◆ Your task ◆
After locating the line that contains "text \<open>Subtrees of" in the records below, write out exactly that line and each line after it through the one that contains "z = v \<and>", and nothing else.

Data excerpts:
((

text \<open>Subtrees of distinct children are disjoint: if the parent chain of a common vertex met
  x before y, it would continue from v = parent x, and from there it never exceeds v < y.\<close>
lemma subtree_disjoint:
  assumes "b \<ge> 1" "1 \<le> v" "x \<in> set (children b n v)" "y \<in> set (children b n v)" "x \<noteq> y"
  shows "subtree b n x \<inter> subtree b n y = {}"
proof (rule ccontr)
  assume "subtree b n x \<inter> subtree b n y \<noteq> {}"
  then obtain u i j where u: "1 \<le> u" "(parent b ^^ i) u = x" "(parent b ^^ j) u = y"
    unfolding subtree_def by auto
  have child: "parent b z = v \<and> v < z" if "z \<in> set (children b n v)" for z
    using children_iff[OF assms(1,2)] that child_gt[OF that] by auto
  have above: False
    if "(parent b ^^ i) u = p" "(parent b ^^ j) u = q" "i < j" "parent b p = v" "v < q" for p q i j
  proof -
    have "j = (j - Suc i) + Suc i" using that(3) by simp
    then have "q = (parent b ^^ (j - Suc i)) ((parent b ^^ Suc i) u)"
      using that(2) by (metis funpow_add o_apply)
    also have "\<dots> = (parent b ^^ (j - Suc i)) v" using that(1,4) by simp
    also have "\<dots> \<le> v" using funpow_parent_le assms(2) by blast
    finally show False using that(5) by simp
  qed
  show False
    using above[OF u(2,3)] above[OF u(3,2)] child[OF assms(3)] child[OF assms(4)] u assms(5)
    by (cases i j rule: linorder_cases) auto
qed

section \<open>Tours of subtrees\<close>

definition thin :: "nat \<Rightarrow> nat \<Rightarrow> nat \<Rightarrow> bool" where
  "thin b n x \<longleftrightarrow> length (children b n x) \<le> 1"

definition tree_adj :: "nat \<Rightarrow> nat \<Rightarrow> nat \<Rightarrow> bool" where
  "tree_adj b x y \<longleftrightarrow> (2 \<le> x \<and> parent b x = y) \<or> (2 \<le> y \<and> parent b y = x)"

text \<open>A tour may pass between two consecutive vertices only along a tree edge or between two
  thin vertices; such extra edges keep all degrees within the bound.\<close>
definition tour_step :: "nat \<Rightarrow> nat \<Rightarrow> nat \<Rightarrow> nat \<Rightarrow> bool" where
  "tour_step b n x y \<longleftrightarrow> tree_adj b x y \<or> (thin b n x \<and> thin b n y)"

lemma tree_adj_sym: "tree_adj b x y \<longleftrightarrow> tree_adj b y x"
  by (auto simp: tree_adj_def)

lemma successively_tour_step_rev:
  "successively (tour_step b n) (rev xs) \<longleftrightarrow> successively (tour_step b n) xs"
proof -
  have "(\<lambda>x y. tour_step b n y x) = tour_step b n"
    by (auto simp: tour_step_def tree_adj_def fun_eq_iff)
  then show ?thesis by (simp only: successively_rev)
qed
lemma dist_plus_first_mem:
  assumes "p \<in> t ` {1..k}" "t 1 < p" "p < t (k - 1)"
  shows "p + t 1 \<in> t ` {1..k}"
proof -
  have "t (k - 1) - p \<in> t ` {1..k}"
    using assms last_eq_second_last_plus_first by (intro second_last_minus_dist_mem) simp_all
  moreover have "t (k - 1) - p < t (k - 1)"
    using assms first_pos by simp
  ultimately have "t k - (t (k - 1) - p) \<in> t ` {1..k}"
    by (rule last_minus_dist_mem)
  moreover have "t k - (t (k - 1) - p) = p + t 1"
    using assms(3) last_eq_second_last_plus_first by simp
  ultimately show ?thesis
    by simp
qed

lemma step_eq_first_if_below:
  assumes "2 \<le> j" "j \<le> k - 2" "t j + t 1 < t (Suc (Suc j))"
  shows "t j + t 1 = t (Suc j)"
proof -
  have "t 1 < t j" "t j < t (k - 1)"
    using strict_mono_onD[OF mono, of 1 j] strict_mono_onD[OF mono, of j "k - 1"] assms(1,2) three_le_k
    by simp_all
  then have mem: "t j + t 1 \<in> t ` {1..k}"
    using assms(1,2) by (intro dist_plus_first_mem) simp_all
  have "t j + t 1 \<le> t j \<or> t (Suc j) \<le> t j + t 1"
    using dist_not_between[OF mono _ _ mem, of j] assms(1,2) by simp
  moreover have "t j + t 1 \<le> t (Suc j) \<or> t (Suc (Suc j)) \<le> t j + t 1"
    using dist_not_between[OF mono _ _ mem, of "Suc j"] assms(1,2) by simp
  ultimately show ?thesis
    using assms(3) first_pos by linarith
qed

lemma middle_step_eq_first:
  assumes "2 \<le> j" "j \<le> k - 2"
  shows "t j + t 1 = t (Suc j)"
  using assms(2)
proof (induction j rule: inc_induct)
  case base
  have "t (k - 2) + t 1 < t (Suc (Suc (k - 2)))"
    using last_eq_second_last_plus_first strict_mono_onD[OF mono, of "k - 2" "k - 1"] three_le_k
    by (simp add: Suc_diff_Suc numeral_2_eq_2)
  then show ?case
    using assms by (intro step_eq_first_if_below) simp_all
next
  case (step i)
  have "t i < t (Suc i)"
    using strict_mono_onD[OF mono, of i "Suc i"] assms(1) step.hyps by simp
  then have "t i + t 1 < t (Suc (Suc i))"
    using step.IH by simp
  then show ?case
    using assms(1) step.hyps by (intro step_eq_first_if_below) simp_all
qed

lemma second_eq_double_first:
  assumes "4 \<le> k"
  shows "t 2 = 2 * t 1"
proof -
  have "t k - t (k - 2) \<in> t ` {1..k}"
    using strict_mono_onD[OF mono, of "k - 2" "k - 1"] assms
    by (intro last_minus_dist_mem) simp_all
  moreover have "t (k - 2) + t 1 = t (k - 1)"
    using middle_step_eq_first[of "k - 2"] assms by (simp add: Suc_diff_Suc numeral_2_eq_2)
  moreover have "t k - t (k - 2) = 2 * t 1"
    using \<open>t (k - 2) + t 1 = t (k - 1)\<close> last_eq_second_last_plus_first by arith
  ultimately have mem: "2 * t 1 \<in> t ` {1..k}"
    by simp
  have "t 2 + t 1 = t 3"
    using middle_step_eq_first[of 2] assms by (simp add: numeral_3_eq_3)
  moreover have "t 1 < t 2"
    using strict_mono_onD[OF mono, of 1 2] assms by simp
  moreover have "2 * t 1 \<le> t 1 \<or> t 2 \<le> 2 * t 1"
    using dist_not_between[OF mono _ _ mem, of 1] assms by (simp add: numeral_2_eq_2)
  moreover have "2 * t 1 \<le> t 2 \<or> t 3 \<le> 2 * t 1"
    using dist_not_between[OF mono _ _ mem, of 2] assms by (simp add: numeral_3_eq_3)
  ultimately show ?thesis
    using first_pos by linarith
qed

))
((

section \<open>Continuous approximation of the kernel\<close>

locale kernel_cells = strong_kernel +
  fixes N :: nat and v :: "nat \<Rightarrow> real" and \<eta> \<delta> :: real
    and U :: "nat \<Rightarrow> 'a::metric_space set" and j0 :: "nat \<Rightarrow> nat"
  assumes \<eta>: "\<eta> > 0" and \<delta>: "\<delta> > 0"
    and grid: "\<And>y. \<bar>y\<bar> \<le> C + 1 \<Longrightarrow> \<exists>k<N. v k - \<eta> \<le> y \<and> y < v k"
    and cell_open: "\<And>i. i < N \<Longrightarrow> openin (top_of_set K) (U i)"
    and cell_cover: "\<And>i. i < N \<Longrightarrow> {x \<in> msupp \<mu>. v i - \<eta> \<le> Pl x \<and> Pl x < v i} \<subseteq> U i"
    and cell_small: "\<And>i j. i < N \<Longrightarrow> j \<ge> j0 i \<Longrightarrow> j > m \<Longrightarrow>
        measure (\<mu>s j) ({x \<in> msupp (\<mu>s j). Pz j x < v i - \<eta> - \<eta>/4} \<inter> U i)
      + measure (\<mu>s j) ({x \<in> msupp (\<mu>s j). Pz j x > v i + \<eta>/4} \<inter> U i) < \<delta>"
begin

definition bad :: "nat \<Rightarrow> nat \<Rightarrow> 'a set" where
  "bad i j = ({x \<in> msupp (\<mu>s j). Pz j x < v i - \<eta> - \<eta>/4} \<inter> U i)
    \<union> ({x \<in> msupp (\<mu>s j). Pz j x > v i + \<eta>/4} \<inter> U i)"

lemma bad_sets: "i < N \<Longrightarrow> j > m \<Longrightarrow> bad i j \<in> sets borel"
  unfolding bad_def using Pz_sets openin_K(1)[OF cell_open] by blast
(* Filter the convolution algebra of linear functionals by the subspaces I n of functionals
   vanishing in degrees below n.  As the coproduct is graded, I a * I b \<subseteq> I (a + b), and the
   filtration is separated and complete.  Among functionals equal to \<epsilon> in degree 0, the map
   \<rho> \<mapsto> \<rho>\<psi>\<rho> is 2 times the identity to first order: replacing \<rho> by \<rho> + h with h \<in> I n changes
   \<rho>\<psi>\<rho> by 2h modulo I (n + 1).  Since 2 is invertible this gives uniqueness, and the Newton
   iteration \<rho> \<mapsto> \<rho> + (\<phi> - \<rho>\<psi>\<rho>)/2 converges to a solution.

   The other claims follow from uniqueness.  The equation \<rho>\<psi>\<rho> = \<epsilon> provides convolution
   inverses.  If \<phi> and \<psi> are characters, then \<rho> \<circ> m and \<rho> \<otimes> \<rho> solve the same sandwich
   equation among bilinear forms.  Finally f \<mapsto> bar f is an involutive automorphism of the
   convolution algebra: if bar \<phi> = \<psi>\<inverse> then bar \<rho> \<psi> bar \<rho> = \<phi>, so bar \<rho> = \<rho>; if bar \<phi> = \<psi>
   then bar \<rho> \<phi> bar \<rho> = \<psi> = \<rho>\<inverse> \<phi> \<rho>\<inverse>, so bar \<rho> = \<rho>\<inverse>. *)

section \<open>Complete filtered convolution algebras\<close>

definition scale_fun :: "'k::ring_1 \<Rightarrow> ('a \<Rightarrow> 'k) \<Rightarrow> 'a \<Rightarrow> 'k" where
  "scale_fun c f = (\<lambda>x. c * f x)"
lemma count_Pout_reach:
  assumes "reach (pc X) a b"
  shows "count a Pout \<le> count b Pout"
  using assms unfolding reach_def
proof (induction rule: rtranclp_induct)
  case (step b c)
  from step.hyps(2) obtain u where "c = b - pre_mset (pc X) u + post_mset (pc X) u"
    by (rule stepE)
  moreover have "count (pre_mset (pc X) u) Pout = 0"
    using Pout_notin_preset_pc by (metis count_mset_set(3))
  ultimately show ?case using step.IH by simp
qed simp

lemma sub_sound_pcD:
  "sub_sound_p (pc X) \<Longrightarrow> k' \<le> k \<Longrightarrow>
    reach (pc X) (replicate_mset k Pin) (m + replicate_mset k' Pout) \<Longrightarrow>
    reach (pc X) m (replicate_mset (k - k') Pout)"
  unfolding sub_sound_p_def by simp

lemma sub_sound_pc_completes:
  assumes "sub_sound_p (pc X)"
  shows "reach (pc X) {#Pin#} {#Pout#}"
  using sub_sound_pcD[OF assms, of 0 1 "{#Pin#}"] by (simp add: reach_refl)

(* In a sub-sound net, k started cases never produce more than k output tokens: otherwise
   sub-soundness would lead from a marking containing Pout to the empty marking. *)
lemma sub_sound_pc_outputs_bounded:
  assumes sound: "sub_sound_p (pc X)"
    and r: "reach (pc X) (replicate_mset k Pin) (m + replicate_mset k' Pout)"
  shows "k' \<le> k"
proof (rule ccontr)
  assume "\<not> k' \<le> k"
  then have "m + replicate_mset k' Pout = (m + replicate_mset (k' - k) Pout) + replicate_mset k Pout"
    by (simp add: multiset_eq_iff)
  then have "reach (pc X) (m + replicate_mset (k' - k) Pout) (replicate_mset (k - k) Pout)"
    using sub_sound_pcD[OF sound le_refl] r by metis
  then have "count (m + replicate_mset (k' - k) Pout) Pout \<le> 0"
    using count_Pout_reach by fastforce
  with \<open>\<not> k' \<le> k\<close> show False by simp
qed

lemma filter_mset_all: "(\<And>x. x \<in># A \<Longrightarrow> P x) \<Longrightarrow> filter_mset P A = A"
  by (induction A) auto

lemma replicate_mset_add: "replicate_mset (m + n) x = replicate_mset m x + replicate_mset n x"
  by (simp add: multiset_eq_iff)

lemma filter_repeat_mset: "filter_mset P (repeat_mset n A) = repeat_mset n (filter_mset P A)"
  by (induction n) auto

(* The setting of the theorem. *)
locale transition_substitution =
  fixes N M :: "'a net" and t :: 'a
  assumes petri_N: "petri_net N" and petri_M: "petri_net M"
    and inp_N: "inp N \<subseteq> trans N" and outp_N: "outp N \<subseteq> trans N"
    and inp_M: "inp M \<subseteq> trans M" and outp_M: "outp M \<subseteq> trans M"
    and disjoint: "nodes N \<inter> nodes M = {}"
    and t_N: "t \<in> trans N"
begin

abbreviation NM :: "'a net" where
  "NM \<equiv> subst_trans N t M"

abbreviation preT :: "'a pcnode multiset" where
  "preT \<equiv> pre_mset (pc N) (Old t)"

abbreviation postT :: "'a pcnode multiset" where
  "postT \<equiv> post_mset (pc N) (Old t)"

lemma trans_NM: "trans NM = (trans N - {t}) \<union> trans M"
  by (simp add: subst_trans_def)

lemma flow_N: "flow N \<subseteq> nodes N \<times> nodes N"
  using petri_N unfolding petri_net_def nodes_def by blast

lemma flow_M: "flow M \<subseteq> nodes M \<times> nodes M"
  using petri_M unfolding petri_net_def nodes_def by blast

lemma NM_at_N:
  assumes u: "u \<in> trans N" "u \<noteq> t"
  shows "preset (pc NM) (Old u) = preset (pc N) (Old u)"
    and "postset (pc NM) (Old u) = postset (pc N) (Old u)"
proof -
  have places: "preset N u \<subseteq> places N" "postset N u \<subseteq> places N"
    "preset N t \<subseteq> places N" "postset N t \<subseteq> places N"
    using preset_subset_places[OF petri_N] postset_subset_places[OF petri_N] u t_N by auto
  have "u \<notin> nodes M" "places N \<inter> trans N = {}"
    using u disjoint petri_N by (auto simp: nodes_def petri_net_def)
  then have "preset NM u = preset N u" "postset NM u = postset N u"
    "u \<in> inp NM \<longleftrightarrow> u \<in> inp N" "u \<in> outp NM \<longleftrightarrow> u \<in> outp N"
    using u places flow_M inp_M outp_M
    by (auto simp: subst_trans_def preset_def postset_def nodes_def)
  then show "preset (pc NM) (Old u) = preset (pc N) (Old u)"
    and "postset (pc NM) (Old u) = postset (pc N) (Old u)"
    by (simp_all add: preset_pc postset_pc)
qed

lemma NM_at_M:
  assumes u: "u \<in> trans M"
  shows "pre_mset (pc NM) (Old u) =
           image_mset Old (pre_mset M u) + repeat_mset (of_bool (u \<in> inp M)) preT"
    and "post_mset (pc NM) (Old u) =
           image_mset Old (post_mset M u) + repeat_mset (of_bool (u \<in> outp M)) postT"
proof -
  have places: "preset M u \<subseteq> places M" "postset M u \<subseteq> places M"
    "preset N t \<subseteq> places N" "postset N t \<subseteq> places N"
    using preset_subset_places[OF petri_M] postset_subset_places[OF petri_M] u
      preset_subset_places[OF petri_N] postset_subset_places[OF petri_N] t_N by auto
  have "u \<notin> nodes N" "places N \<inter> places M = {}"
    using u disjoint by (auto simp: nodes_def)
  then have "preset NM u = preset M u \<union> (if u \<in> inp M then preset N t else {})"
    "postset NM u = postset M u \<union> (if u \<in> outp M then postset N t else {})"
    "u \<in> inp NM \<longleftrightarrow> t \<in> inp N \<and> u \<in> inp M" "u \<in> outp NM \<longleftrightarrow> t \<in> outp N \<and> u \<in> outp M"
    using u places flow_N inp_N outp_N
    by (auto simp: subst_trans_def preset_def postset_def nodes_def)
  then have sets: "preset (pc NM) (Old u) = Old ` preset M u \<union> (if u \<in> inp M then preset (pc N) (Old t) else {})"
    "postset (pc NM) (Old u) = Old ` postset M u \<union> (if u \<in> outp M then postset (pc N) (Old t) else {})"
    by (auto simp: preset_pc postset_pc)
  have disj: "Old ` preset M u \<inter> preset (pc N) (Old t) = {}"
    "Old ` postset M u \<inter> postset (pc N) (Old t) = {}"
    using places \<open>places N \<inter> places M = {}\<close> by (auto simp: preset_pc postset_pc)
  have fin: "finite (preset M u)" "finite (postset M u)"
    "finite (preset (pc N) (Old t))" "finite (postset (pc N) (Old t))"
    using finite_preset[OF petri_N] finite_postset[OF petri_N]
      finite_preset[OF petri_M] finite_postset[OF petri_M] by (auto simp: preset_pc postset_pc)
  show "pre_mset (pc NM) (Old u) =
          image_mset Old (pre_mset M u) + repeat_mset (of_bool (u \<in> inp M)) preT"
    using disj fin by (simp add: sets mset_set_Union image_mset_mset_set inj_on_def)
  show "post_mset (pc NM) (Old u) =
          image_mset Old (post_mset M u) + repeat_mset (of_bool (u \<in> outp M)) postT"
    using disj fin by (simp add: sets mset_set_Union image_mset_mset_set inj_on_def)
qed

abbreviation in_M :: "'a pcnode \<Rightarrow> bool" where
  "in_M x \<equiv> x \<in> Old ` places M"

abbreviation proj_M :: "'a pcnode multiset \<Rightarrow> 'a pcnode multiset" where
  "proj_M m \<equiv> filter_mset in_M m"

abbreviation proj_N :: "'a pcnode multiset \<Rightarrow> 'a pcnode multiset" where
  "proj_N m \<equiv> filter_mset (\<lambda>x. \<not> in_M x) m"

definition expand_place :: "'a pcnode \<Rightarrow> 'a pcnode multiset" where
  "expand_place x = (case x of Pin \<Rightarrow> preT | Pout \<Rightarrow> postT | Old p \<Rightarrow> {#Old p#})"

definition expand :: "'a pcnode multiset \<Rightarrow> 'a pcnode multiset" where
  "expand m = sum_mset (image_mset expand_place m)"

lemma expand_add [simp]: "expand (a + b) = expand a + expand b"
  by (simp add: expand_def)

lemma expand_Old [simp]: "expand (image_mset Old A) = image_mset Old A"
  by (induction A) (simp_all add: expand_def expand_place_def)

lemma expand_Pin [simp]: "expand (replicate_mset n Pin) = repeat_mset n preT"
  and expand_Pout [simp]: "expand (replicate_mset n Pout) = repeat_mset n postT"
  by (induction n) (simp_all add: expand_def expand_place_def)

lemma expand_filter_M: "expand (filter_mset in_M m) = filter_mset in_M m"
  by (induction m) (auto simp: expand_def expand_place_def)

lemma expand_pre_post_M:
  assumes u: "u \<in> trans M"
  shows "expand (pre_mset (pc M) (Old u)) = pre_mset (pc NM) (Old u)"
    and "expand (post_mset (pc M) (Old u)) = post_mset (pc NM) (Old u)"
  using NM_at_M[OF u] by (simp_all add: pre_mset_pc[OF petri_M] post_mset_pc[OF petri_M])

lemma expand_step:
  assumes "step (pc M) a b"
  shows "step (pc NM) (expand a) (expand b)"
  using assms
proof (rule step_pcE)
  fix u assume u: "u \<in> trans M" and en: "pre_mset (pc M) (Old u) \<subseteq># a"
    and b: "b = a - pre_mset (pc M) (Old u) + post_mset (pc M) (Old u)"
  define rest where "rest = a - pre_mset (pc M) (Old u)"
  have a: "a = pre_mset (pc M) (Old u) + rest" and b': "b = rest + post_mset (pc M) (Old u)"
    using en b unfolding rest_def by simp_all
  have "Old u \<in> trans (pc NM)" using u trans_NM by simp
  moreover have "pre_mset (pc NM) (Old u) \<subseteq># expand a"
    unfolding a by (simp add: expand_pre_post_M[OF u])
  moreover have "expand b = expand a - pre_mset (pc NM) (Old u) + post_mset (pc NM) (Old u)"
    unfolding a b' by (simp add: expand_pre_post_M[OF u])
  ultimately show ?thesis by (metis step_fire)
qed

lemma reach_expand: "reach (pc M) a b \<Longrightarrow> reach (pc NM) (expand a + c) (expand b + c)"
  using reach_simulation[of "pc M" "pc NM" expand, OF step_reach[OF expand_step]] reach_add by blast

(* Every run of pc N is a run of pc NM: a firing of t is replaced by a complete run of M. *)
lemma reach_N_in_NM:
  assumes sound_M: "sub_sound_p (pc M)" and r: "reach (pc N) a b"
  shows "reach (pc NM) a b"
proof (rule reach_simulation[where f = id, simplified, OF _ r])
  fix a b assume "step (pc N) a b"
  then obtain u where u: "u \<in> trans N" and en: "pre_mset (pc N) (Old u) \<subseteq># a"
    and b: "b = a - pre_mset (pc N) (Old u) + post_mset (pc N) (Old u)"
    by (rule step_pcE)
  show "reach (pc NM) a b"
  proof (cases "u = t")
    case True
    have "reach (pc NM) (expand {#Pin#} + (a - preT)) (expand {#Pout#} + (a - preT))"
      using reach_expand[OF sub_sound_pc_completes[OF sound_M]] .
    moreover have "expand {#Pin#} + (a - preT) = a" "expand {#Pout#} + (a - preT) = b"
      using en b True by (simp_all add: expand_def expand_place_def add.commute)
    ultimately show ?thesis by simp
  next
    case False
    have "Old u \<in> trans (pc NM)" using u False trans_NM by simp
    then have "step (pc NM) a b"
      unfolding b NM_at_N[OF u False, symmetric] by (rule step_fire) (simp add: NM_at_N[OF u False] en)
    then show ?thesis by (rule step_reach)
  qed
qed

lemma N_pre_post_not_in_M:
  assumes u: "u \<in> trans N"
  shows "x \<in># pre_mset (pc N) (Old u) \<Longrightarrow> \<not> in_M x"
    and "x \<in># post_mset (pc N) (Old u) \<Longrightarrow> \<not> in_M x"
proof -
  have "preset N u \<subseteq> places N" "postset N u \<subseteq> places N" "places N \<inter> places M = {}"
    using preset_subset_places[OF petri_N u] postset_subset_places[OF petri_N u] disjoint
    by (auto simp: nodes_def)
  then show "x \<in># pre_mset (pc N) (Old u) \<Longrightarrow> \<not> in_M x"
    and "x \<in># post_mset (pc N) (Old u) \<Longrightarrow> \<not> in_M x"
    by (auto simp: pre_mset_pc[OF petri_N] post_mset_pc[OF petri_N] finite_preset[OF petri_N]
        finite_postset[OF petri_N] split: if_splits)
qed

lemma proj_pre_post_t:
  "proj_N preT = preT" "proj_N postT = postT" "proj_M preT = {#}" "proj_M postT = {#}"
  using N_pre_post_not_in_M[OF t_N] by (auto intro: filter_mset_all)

))

◆ Solution for this exercise ◆
text \<open>Subtrees of distinct children are disjoint: if the parent chain of a common vertex met
  x before y, it would continue from v = parent x, and from there it never exceeds v < y.\<close>
lemma subtree_disjoint:
  assumes "b \<ge> 1" "1 \<le> v" "x \<in> set (children b n v)" "y \<in> set (children b n v)" "x \<noteq> y"
  shows "subtree b n x \<inter> subtree b n y = {}"
proof (rule ccontr)
  assume "subtree b n x \<inter> subtree b n y \<noteq> {}"
  then obtain u i j where u: "1 \<le> u" "(parent b ^^ i) u = x" "(parent b ^^ j) u = y"
    unfolding subtree_def by auto
  have child: "parent b z = v \<and> v < z" if "z \<in> set (children b n v)" for z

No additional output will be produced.